Once we've resolved the issues (or earlier, if resolving them is not straightforward and we need to iterate): I think we should also figure out how to reliably reproduce the issues in an ephemeral cluster, ideally with some automation in place to create the cluster and whatever workload is necessary to trigger the issues (e.g. create a bunch of deployments/pods/whatever).

Then we can:

consider performing those tests regularly to ensure we don't regress
more rapidly iterate on improvements and bug fixes

gizas · 2023-11-23T09:47:57Z

Thanks @axw , I have updated a bit the section Next actions and added some previous ideas/issues that we can investigate here

lucabelluccini · 2024-01-05T14:44:49Z

As a short-term, can we somehow document the known issues / limitations we're facing until now?

dimm0 · 2024-06-06T21:46:22Z

Is there progress in the latest version or it's still destroying the k8s master?

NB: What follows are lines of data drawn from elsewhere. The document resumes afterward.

lemma shaped_eq_canonical:
  assumes S: "S \<subseteq> Om (2*h+1)" and sh: "shaped h S"
  shows "S = canonical h {k \<in> {1..h}. (k, k) \<in> S}"
proof (intro set_eqI)
  fix p :: "nat \<times> nat"
  obtain i j where p: "p = (i, j)" by (cases p)
  show "p \<in> S \<longleftrightarrow> p \<in> canonical h {k \<in> {1..h}. (k, k) \<in> S}"
  proof (cases "(i, j) \<in> Om (2*h+1)")
    case False
    then show ?thesis using S p by (auto simp: canonical_def)
  next
    case ij: True
    then show ?thesis
    proof (cases rule: Om_odd_cases)
      case 1
      then show ?thesis using sh ij p unfolding shaped_def canonical_def by auto
    next
      case 2
      then show ?thesis using sh ij p wedge_out_exclusive[OF ij]
        unfolding shaped_def canonical_def by auto
    next
      case 3
      then show ?thesis using shaped_diagonal[OF sh ij] ij p diagonal_not_wedge[OF ij]
        by (auto simp: canonical_def)
    next
      case 4
      then show ?thesis using shaped_diagonal[OF sh ij] ij p diagonal_not_wedge[OF ij]
        by (auto simp: canonical_def)
    qed
  qed
qed

lemma valid_iff_shaped: "S \<subseteq> Om (2*h+1) \<Longrightarrow> valid (2*h+1) S \<longleftrightarrow> shaped h S"
  using valid_shaped shaped_valid by blast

I've disabled elastic in our cluster a while ago, checking if there's any progress so far. I can't really tell if it should've improved if I upgrade.

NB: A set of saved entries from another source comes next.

theorem proposition1:
  fixes A :: "'a::{real_inner, complete_space} \<Rightarrow> (nat \<Rightarrow> real)"
    and Hn :: "'a set" and n :: nat and f :: 'a
  assumes "bounded_linear_c0 A"
    and "subspace Hn"
    and "\<exists>B. finite B \<and> independent B \<and> span B = Hn \<and> card B = n"
    and "\<forall>z\<in>Hn. (\<forall>i. A z i = 0) \<longrightarrow> z = 0"
  shows "argmin_l1 A Hn f \<noteq> {}"
proof -
  obtain B where "finite B" and Hn: "Hn = span B"
    using assms(3) by blast
  have "feasible A Hn f \<noteq> {}"
    unfolding Hn by (rule feasible_nonempty[OF assms(1) \<open>finite B\<close>]) (use assms(4) Hn in blast)
  then have "\<exists>v\<in>feasible A Hn f. \<forall>u\<in>feasible A Hn f. l1_norm v \<le> l1_norm u"
  proof (rule l1_minimizer_exists)
    show "in_l1 u" if "u \<in> feasible A Hn f" for u
      using that by (simp add: feasible_def)
  qed (rule feasible_closed_under_pointwise_limits[OF assms(1)])
  then show ?thesis
    unfolding argmin_l1_def by blast
qed

end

cmacknz · 2024-06-07T15:25:56Z

We have tracked down the source of the high memory usage on k8s and are working to fix it. #4729 is the tracking issue.

dimm0 · 2024-06-07T18:57:46Z

And what about rate-limiting the k8s apiserver requests? Is any work going on that?

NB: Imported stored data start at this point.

lemma abs_trunc_lyap''_le:
  assumes a: "1 \<le> a" and e: "0 < e"
  shows "\<bar>trunc_lyap'' a e x\<bar> \<le> (2 * a + 4 * a * (a - 1)) / e + 8 * a\<^sup>2 / e"
proof -
  define V D c where "V = lyap a x" and "D = 1 + e * lyap a x" and "c = 2 * a + 4 * a * (a - 1)"
  have V: "1 \<le> V" using lyap_ge_one[of a x] a by (simp add: V_def)
  have D: "1 \<le> D" using V e by (simp add: D_def V_def)
  have VD: "V / D \<le> 1 / e" "e * V \<le> D"
    using trunc_lyap_bounds(3)[OF a e, of x] by (auto simp: D_def V_def trunc_lyap_def)
  have "0 \<le> c" using a by (simp add: c_def)
  have t1: "\<bar>lyap'' a x / D\<^sup>2\<bar> \<le> c / e"
  proof -
    have "\<bar>lyap'' a x / D\<^sup>2\<bar> = lyap'' a x / D\<^sup>2" using lyap''_bounds(1)[OF a] by simp
    also have "\<dots> \<le> c * V / D\<^sup>2"
      using lyap''_bounds(3)[OF a, of x] D by (intro divide_right_mono) (auto simp: c_def V_def)
    also have "\<dots> \<le> c * V / D"
      using \<open>0 \<le> c\<close> V D by (intro divide_left_mono) (auto simp: power2_eq_square)
    also have "\<dots> = c * (V / D)" by simp
    also have "\<dots> \<le> c * (1 / e)" using VD(1) \<open>0 \<le> c\<close> by (rule mult_left_mono)
    finally show ?thesis by simp
  qed
  have t2: "\<bar>2 * e * (lyap' a x)\<^sup>2 / D ^ 3\<bar> \<le> 8 * a\<^sup>2 / e"
  proof -
    have "(lyap' a x)\<^sup>2 \<le> (2 * a * V)\<^sup>2"
      using abs_lyap'_le[of a x] a V by (simp add: abs_le_square_iff[symmetric] V_def)
    then have "\<bar>2 * e * (lyap' a x)\<^sup>2 / D ^ 3\<bar> \<le> 2 * e * (2 * a * V)\<^sup>2 / D ^ 3"
      using e D by (simp add: divide_right_mono)
    also have "\<dots> = 8 * a\<^sup>2 * ((e * V) / D) * (V / D) * (1 / D)"
      by (simp add: power2_eq_square power3_eq_cube)
    also have "\<dots> \<le> 8 * a\<^sup>2 * 1 * (1 / e) * 1"
      using VD D V e by (intro mult_mono) auto
    finally show ?thesis by simp
  qed
  have "\<bar>trunc_lyap'' a e x\<bar> \<le> \<bar>lyap'' a x / D\<^sup>2\<bar> + \<bar>2 * e * (lyap' a x)\<^sup>2 / D ^ 3\<bar>"
    unfolding trunc_lyap''_def D_def by (rule abs_triangle_ineq4)
  with t1 t2 show ?thesis by (simp add: c_def)
qed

gizas · 2024-06-11T09:03:38Z

what about rate-limiting the k8s apiserver requests

Regarding rate limiting, the main issue is this which is not yet prioritised in the next iterations. But for sure it is in our backlog

Somehow related, we have already merged 3625, in order to minimise any possible effect of leader election api calls. Additionally since 8.14.0, we have done a major refactoring in 37243, which we proved that it will help the overall resource consumption

constanca-m · 2024-09-13T05:47:42Z

Test setup

I have run a script to evaluate the performance of our K8s integration. I evaluated all 8.x.0 versions between 8.5.0 and 8.15.0.

The test increases the number of pods in a one node cluster at this rhythm: 12, 61, 111, 161, 211, 311, 411, and 511.

I annotated the following results after 5min for each cycle:

Pods: number of pods in the cluster.
CPU: CPU usage of EA.
Memory: Memory usage of EA.
EA pod restarts: Restarts of EA so far.

Once the EA restarts, I stop registering the tests for the upcoming increase of pods, since the performance is no longer stable.

This is the script I am running for the tests.

setup_cluster () {
   kind delete cluster
   kind create cluster
   # This is so we can execute kubectl top
   kubectl apply -f https://raw.githubusercontent.com/pythianarora/total-practice/master/sample-kubernetes-code/metrics-server.yaml
}

test_n_pods () {
  # $1 - EA filename to used in kubectl apply
  # $2 - filename for the results
  # Prepare cluster with EA using kubernetes + system policy
  setup_cluster
  kubectl apply -f "$1"

  echo "| Pods | CPU | Memory | EA pod restarts |" > "$2"
  echo "|------|-----|--------|-----------------|" >> "$2"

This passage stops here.